Sourav spoke briefly, after India lost the seventh and last one-dayer by six wickets, telling his boys not to feel low despite the disappointing results on the tour.
“I know it’s not gone our way, but keep your heads high. We are a good side and I know we’ll do well in the future,” he said thanking his teammates for the “hard work they have put in.”
Fleming conceded that India’s poor performance had a lot to do with the pitches and said the team would definitely put up a better show in the World Cup.
Addressing the beleaguered Indian captain directly, Fleming said, “We know you’ve got more talent than what the pitches here allowed you to show and we know that you will be a real threat in the World Cup. We look forward to seeing you in the Super Sixes”.
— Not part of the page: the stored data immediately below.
lemma lact_sup: "P \<in> tcarrier gen2 \<Longrightarrow> lact P (sup w w') = sup (lact P w) (lact P w')"
  by (induct rule: tcarrier_gen2_induct) (simp_all add: p_trilinear sup_aci)

lemma lact_bot: "P \<in> tcarrier gen2 \<Longrightarrow> lact P bot = bot"
  by (induct rule: tcarrier_gen2_induct) (simp_all add: p_trilinear)

lemma q_ract_eq_q_lact: "P \<in> tcarrier gen2 \<Longrightarrow> q (tens3 (ract P y) u v) = q (tens3 y (lact P u) v)"
  by (induct rule: tcarrier_gen2_induct) (simp_all add: B.p_trilinear q_assoc_mid)

text \<open>Separation makes \<open>ract P\<close> depend on \<open>P\<close> only through \<open>lact P\<close>.\<close>
lemma ract_eqI:
  assumes "P \<in> tcarrier gen2" "\<And>u v. q (tens3 z u v) = q (tens3 y (lact P u) v)"
  shows "ract P y = z"
  by (rule q_cancel_first) (simp add: assms q_ract_eq_q_lact)

lemma p_lact_eq_lact_p: "P \<in> tcarrier gen2 \<Longrightarrow> p (tens3 (lact P z) v u) = lact P (p (tens3 z v u))"
  by (induct rule: tcarrier_gen2_induct) (simp_all add: p_trilinear p_assoc_mid p_assoc_right)

lemma p_ract_eq_p_lact: "P \<in> tcarrier gen2 \<Longrightarrow> p (tens3 x (ract P y) w) = p (tens3 x y (lact P w))"
  by (induct rule: tcarrier_gen2_induct) (simp_all add: p_trilinear p_assoc_right)

definition lacts :: "('x \<Rightarrow> 'x) set" where
  "lacts = lact ` tcarrier gen2"

lemma lact_in_lacts[simp]: "P \<in> tcarrier gen2 \<Longrightarrow> lact P \<in> lacts"
  unfolding lacts_def by simp

lemma bot_in_lacts[simp]: "(\<lambda>w. bot) \<in> lacts"
  using lact_in_lacts[OF tzero_in_tcarrier] by simp

lemma p_in_lacts[simp]: "(\<lambda>w. p (tens3 x y w)) \<in> lacts"
  using lact_in_lacts[OF tgen_in_tcarrier, of "(x, y)"] by simp

lemma sup_in_lacts[simp]: "f \<in> lacts \<Longrightarrow> g \<in> lacts \<Longrightarrow> (\<lambda>w. sup (f w) (g w)) \<in> lacts"
  using lact_in_lacts[OF tjoin_in_tcarrier] unfolding lacts_def by auto

lemma lacts_induct[consumes 1, case_names zero gen sup]:
  assumes "f \<in> lacts" "\<Phi> (\<lambda>w. bot)" "\<And>x y. \<Phi> (\<lambda>w. p (tens3 x y w))"
    "\<And>f g. f \<in> lacts \<Longrightarrow> g \<in> lacts \<Longrightarrow> \<Phi> f \<Longrightarrow> \<Phi> g \<Longrightarrow> \<Phi> (\<lambda>w. sup (f w) (g w))"
  shows "\<Phi> f"
proof -
  obtain P where "P \<in> tcarrier gen2" "f = lact P" using assms(1) unfolding lacts_def by auto
  moreover have "\<Phi> (lact P)" if "P \<in> tcarrier gen2" for P
    using that
  proof (induct rule: tcarrier_gen2_induct)
    case zero
    then show ?case using assms(2) by simp
  next
    case (gen x y)
    then show ?case using assms(3) by simp
  next
    case (join P Q)
    then show ?case using assms(4)[of "lact P" "lact Q"] by simp
  qed
  ultimately show ?thesis by simp
qed

lemma comp_in_lacts[simp]: "f \<in> lacts \<Longrightarrow> g \<in> lacts \<Longrightarrow> (\<lambda>w. f (g w)) \<in> lacts"
proof (induct f rule: lacts_induct)
  case (gen x y)
  from gen show ?case
  proof (induct g rule: lacts_induct)
    case (gen x' y')
    then show ?case by (simp add: p_assoc_right[symmetric])
  qed (simp_all add: p_trilinear)
qed simp_all

text \<open>The m-semilattice \<open>A\<close> is \<open>lacts\<close> under pointwise join and composition, carried by chosen
  representatives in \<open>X \<otimes> Y\<close>.\<close>

definition rep :: "('x \<Rightarrow> 'x) \<Rightarrow> ('x \<times> 'y) set set" where
  "rep f = (SOME P. P \<in> tcarrier gen2 \<and> lact P = f)"

definition CA :: "('x \<times> 'y) set set set" where
  "CA = rep ` lacts"

definition jA :: "('x \<times> 'y) set set \<Rightarrow> ('x \<times> 'y) set set \<Rightarrow> ('x \<times> 'y) set set" where
  "jA a b = rep (\<lambda>w. sup (lact a w) (lact b w))"

definition zA :: "('x \<times> 'y) set set" where
  "zA = rep (\<lambda>w. bot)"

definition mA :: "('x \<times> 'y) set set \<Rightarrow> ('x \<times> 'y) set set \<Rightarrow> ('x \<times> 'y) set set" where
  "mA a b = rep (\<lambda>w. lact a (lact b w))"

definition prA :: "'x \<Rightarrow> 'y \<Rightarrow> ('x \<times> 'y) set set" where
  "prA x y = rep (\<lambda>w. p (tens3 x y w))"

lemma rep_in_tcarrier: "f \<in> lacts \<Longrightarrow> rep f \<in> tcarrier gen2"
  and lact_rep[simp]: "f \<in> lacts \<Longrightarrow> lact (rep f) = f"
  using someI_ex[of "\<lambda>P. P \<in> tcarrier gen2 \<and> lact P = f"] unfolding rep_def lacts_def by auto

lemma rep_in_CA[simp]: "f \<in> lacts \<Longrightarrow> rep f \<in> CA"
  unfolding CA_def by simp

lemma CA_subset_tcarrier[simp]: "a \<in> CA \<Longrightarrow> a \<in> tcarrier gen2"
  unfolding CA_def using rep_in_tcarrier by auto

lemma rep_lact[simp]: "a \<in> CA \<Longrightarrow> rep (lact a) = a"
  unfolding CA_def by auto
theorem theorem1:
  fixes n :: nat
  assumes "n \<ge> 3" and "odd n"
  shows "\<exists>C :: nat \<Rightarrow> nat \<Rightarrow> nat.
     (\<forall>i<n. is_dicycle n (n - 1) (C i)) \<and>
     (\<forall>i<n. \<forall>j<n. i \<noteq> j \<longrightarrow> cycle_arcs (n - 1) (C i) \<inter> cycle_arcs (n - 1) (C j) = {}) \<and>
     (\<Union>i<n. cycle_arcs (n - 1) (C i)) = Kstar_arcs n \<and>
     (\<forall>i<n. \<forall>j<n. i \<noteq> j \<longrightarrow>
        (\<exists>c :: int. \<not> [c = 0] (mod int n) \<and>
           (\<forall>t :: nat. [int (nomad_pos (n - 1) (C i) t) - int (nomad_pos (n - 1) (C j) t) = c] (mod int n)))) \<and>
     (\<forall>i<n. \<forall>j<n. i \<noteq> j \<longrightarrow> (\<forall>t :: nat. nomad_pos (n - 1) (C i) t \<noteq> nomad_pos (n - 1) (C j) t))"
proof -
  define m where "m = n div 2"
  have "n = 2 * m + 1" "1 \<le> m"
    using assms by (simp_all add: m_def)
  then have "nomadic_decomposition n (translate_cycle n (starter m))"
    using cyclic_starter.nomadic_decomposition_C starter_is_cyclic_starter by metis
  then show ?thesis
    unfolding nomadic_decomposition_def by (rule exI[where x = "translate_cycle n (starter m)"])
qed

end
text \<open>Shrinking every row \<open>U\<^sub>i\<close> to \<open>(1 - t c\<^sub>i) U\<^sub>i\<close> and adding \<open>t w\<close> to row \<open>j\<close> gives another
  decomposition of \<open>z\<close>, with determinant multiplied by \<open>\<Prod>i\<noteq>j. 1 - t c\<^sub>i\<close>; its derivative at
  \<open>t = 0\<close> is \<open>-\<Sum>i\<noteq>j. c\<^sub>i\<close>.\<close>

lemma max_det_cone_decomposition_coords:
  fixes K :: "(real^'m::finite) set"
  assumes "convex_cone K" "U \<in> cone_decompositions K z" "det U \<noteq> 0"
    and max: "\<And>V. V \<in> cone_decompositions K z \<Longrightarrow> \<bar>det V\<bar> \<le> \<bar>det U\<bar>"
    and w: "transpose U *v c \<in> K"
  shows "0 \<le> (\<Sum>i\<in>UNIV - {j}. c $ i)"
proof (rule ccontr)
  assume "\<not> ?thesis"
  then have "\<forall>\<^sub>F t in at_right 0. 1 < (\<Prod>i\<in>UNIV - {j}. 1 - t * c $ i)"
    using eventually_prod_one_minus_gt_one[of "\<lambda>i. c $ i" "UNIV - {j}"] by simp
  then have "\<forall>\<^sub>F t in at_right 0. 0 < t \<and> (\<forall>i. 0 < 1 - t * c $ i) \<and> 1 < (\<Prod>i\<in>UNIV - {j}. 1 - t * c $ i)"
    using eventually_at_right_less eventually_one_minus_pos by (intro eventually_conj)
  then obtain t where t: "0 < t" and pos: "\<And>i. 0 < 1 - t * c $ i"
    and grow: "1 < (\<Prod>i\<in>UNIV - {j}. 1 - t * c $ i)"
    using eventually_happens'[OF trivial_limit_at_right_real] by blast
  define w where "w = transpose U *v c"
  have w_sum: "w = (\<Sum>i\<in>UNIV. c $ i *\<^sub>R U $ i)"
    unfolding w_def by (rule transpose_mult_vec_eq_sum)
  define V where "V = (\<chi> i. (1 - t * c $ i) *\<^sub>R U $ i + (if i = j then t *\<^sub>R w else 0))"
  have "V $ i \<in> K" for i
    using assms(2) pos t w unfolding V_def w_def cone_decompositions_def
    by (auto intro!: convex_cone_add[OF assms(1)] convex_cone_scaleR[OF assms(1)] less_imp_le
        convex_cone_contains_0[OF assms(1)])
  moreover have "(\<Sum>i\<in>UNIV. V $ i) = z"
  proof -
    have "(\<Sum>i\<in>UNIV. V $ i) = (\<Sum>i\<in>UNIV. U $ i) - t *\<^sub>R (\<Sum>i\<in>UNIV. c $ i *\<^sub>R U $ i) + t *\<^sub>R w"
      by (simp add: V_def sum.distrib scaleR_sum_right algebra_simps sum_subtractf)
    then show ?thesis
      using assms(2) w_sum by (simp add: cone_decompositions_def)
  qed
  ultimately have "\<bar>det V\<bar> \<le> \<bar>det U\<bar>"
    by (intro max) (simp add: cone_decompositions_def)
  moreover have "det V = (\<Prod>i\<in>UNIV - {j}. 1 - t * c $ i) * det U"
    unfolding V_def w_def using pos by (intro det_rescale_rows_add_combination) (metis less_irrefl)
  ultimately have "(\<Prod>i\<in>UNIV - {j}. 1 - t * c $ i) * \<bar>det U\<bar> \<le> 1 * \<bar>det U\<bar>"
    using grow by (simp add: abs_mult)
  then show False
    using grow assms(3) by (simp add: mult_le_cancel_right_pos)
qed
The Black Caps skipper was happy that his team’s success had boosted the confidence of the players ahead of the World Cup.
“This was a real war of attrition. There were games that we had to win and we set about doing just that.
“The series has been bowler-dominated and I know that we will go to South Africa with a lot of confidence,” Fleming said.
Fleming was satisfied with the quality of his bowling attack throughout the series, and also had a word of praise for the Indian bowlers.
“I know they (Indian bowlers) hunted in packs and they must have also gained a great deal of confidence. The batters have struggled on this tour. So you have one half of the side which is looking forward to the World Cup and the other half that has some work to do,” Fleming said.
Fleming, adjudged Man-of the Match, said: “It’s been a very difficult summer for our batting unit, full stop. We have our techniques scrutinised on wickets that have been very, very bowler-friendly and that’s often been overlooked, which peeves us a bit.
“The surfaces need to be looked at a lot more closely. You start questioning your belief on the sort of poor surfaces we have experienced.
“I think it’s fair to say the wickets throughout the summer have been below par, it’s as simple as that.
“We’ve beaten a very good side in tough conditions and there’s no reason we can’t play even better in better conditions.